- **WORK INSTRUCTION**
Please filter the entries and return only the lines that include "oplus".

- **THE RECORDS**
text \<open>A derivation killing \<open>T\<close> maps \<open>T \<cdot> R[T]\<close> into itself, so the constant term of
  \<open>E f\<close> only depends on the constant term of \<open>f\<close>.\<close>
lemma const_term_of_derivative:
  assumes E: "ring_derivation P E" and EX: "E (UP_monom P \<one> 1) = \<zero>\<^bsub>P\<^esub>" and f: "f \<in> carrier P"
  shows "UP_coeff P (E f) 0 = UP_coeff P (E (UP_monom P (UP_coeff P f 0) 0)) 0"
proof -
  interpret E: ring_derivation P E by (rule E)
  define c where "c = UP_coeff P f 0"
  define g where "g = f \<ominus>\<^bsub>P\<^esub> UP_monom P c 0"
  have c: "c \<in> carrier R" and g: "g \<in> carrier P" using f by (simp_all add: c_def g_def)
  have "UP_coeff P g 0 = \<zero>" using f by (simp add: g_def c_def a_minus_def R.r_neg)
  hence "E g = E (UP_monom P \<one> 1 \<otimes>\<^bsub>P\<^esub> div_var g)" using div_var_eq[OF g] by simp
  also have "\<dots> = UP_monom P \<one> 1 \<otimes>\<^bsub>P\<^esub> E (div_var g)"
    using E.D_mult EX div_var_closed[OF g] E.D_closed by simp
  finally have g0: "UP_coeff P (E g) 0 = \<zero>"
    using coeff_var_mult(1) E.D_closed div_var_closed[OF g] by simp
  have "f = UP_monom P c 0 \<oplus>\<^bsub>P\<^esub> g" using f c unfolding g_def
    by (simp add: a_minus_def P.a_ac P.r_neg)
  hence "E f = E (UP_monom P c 0) \<oplus>\<^bsub>P\<^esub> E g" using E.D_add c g by simp
  thus ?thesis using g0 c g E.D_closed by (simp add: c_def)
qed
(* Let $n$ be a power of two, and let $\mathcal{C}\subseteq\{0,1\}^n$ be a code as described in the context. There is a map $W$ assigning to each string $y\in\{0,1\}^{n-1}\cup\{0,1\}^n$ a set $W(y)\subseteq\{1,\dots,n\}$ with $|W(y)|\le 10^{10}\log^4 n$ such that for every $x\in\mathcal{C}$: (a) if $y$ is obtained from $x$ by one deletion, then $W(y)$ contains an index $p$ such that deleting $x_p$ from $x$ yields $y$; (b) if $y\neq x$ is obtained from $x$ by one adjacent transposition of positions $k,k+1$, then $k\in W(y)$.
   Context: Logarithms are base $2$. Set $\Delta=50+1000\log n$ and $m=1000\Delta^2$. Marker segmentation: for $x\in\{0,1\}^n$ ending in $0011$, write $x=z^x_1\|z^x_2\|\cdots\|z^x_{\ell_x}$ where each $z^x_j$ ends with $0011$ and contains exactly one occurrence of $0011$ as a substring (so $\ell_x$ is the number of occurrences of $0011$ in $x$). Let $h:\{0,1\}^{\le 3\Delta}\to\{0,\dots,m-1\}$ be a function such that $h(z)\ne h(z')$ whenever $z'\neq z$ is obtained from $z$ by at most two adjacent transpositions, or at most two substitutions, or at most one deletion together with at most one insertion. Define $f(x)=\sum_{j=1}^{\ell_x} j\,(|z^x_j|\cdot m+h(z^x_j)) \bmod (10n\Delta m+1)$, $g_1(x)=\ell_x\bmod 5$, $g_2(x)=\sum_{i=1}^n \overline{x}_i \bmod 3$ where $\overline{x}_i=\sum_{j=1}^i x_j \bmod 2$. For fixed $s_0,s_1,s_2$ let $\mathcal{C}'=\{x\in\{0,1\}^n: (x_{n-3},x_{n-2},x_{n-1},x_n)=(0,0,1,1),\ f(x)=s_0,\ g_1(x)=s_1,\ g_2(x)=s_2,\ |z^x_j|\le\Delta \text{ for all } j\}$. The hash multiset of $x$ is $H_x=\{\{h(z^x_1),\dots,h(z^x_{\ell_x})\}\}$; for multisets, $|S\triangle T|=\sum_v|\mathrm{mult}_S(v)-\mathrm{mult}_T(v)|$. The code $\mathcal{C}$ is a subset of $\mathcal{C}'$ (for some $s_0,s_1,s_2$) such that for all $x,x'\in\mathcal{C}$, either $H_x=H_{x'}$ or $|H_x\triangle H_{x'}|\ge 10$. Deletion and adjacent transposition are as usual (a transposition swaps $x_k,x_{k+1}$). *)

theory Defs
  imports Complex_Main "HOL-Library.Multiset"
begin
(* Under the multi-period setup below with Assumptions 1-MP, 2-MP(a), 3-MP and Strong Parallel Trends (5-MP), for every $g\in\mathcal{G}\setminus\{\mathcal{T}+1\}$, every $t\in\{2,\dots,\mathcal{T}\}$ with $t\ge g$, and every $d\in\mathcal{D}_+$, $$ATE(g,t,d)=\mathbb{E}[Y_t-Y_{g-1}\mid G=g,D=d]-\mathbb{E}[Y_t-Y_{g-1}\mid W_t=0].$$ If in addition 2-MP(b),(c) hold, then $d\mapsto\mathbb{E}[Y_t(g,d)\mid G=g]$ is differentiable on $\mathcal{D}_+$ and $$ACR(g,t,d)=\frac{\partial\,\mathbb{E}[Y_t-Y_{g-1}\mid G=g,D=d]}{\partial d}.$$
   Context: Multi-period setup. Periods $t=1,\dots,\mathcal{T}$. Each unit has a timing group $G\in\mathcal{G}\subseteq\{2,\dots,\mathcal{T}+1\}$ ($G=\mathcal{T}+1$ means never treated) and a dose $D\ge0$, with $D=0$ exactly for never-treated units and $D\in\mathcal{D}_+$ for units with $G\le\mathcal{T}$. Potential outcomes $Y_t(g,d)$; $Y_t(0):=Y_t(\mathcal{T}+1,0)$. $W_t:=D\,\mathbf{1}\{t\ge G\}$. Observed outcomes $Y_t=Y_t(0)\mathbf{1}\{t<G\}+Y_t(G,D)\mathbf{1}\{t\ge G\}$. $\Delta Y_t:=Y_t-Y_{t-1}$, $\Delta Y_t(0):=Y_t(0)-Y_{t-1}(0)$. All outcomes have finite second moments. 1-MP: $\{Y_{i1},\dots,Y_{i\mathcal{T}},D_i,G_i\}_{i=1}^n$ are i.i.d. 2-MP: (a) the support of $D$ is $\{0\}\cup\mathcal{D}_+$, $\mathcal{D}_+\subset(0,\infty)$, $\mathbb{P}(D=0)>0$, and for each $g\in\mathcal{G}\setminus\{\mathcal{T}+1\}$ every $d\in\mathcal{D}_+$ is in the support of $D$ given $G=g$; (b) $\mathcal{D}_+=[d_L,d_U]$, $0<d_L<d_U<\infty$; (c) for all $g\in\mathcal{G}\setminus\{\mathcal{T}+1\}$ and $t=2,\dots,\mathcal{T}$, $d\mapsto\mathbb{E}[\Delta Y_t\mid G=g,D=d]$ is continuously differentiable on $\mathcal{D}_+$. 3-MP: (a) for $t<g$, $Y_t(g,d)=Y_t(0)$; (b) $W_1=0$ a.s. and $W_{t-1}=d$ implies $W_t=d$ (staggered adoption). Parameters: $ATE(g,t,d):=\mathbb{E}[Y_t(g,d)-Y_t(0)\mid G=g]$; $ACR(g,t,d):=\frac{\partial\mathbb{E}[Y_t(g,d)\mid G=g]}{\partial d}$. 5-MP (Strong Parallel Trends): for all $g\in\mathcal{G}$, $t=2,\dots,\mathcal{T}$, $d\in\mathcal{D}$: $\mathbb{E}[Y_t(g,d)-Y_{t-1}(0)\mid G=g,D=d]=\mathbb{E}[Y_t(g,d)-Y_{t-1}(0)\mid G=g]$ and $\mathbb{E}[\Delta Y_t(0)\mid G=g,D=d]=\mathbb{E}[\Delta Y_t(0)\mid D=0]$. *)

theory Defs
  imports "HOL-Probability.Probability"
begin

- **OUTPUT BELOW**
  have "f = UP_monom P c 0 \<oplus>\<^bsub>P\<^esub> g" using f c unfolding g_def
  hence "E f = E (UP_monom P c 0) \<oplus>\<^bsub>P\<^esub> E g" using E.D_add c g by simp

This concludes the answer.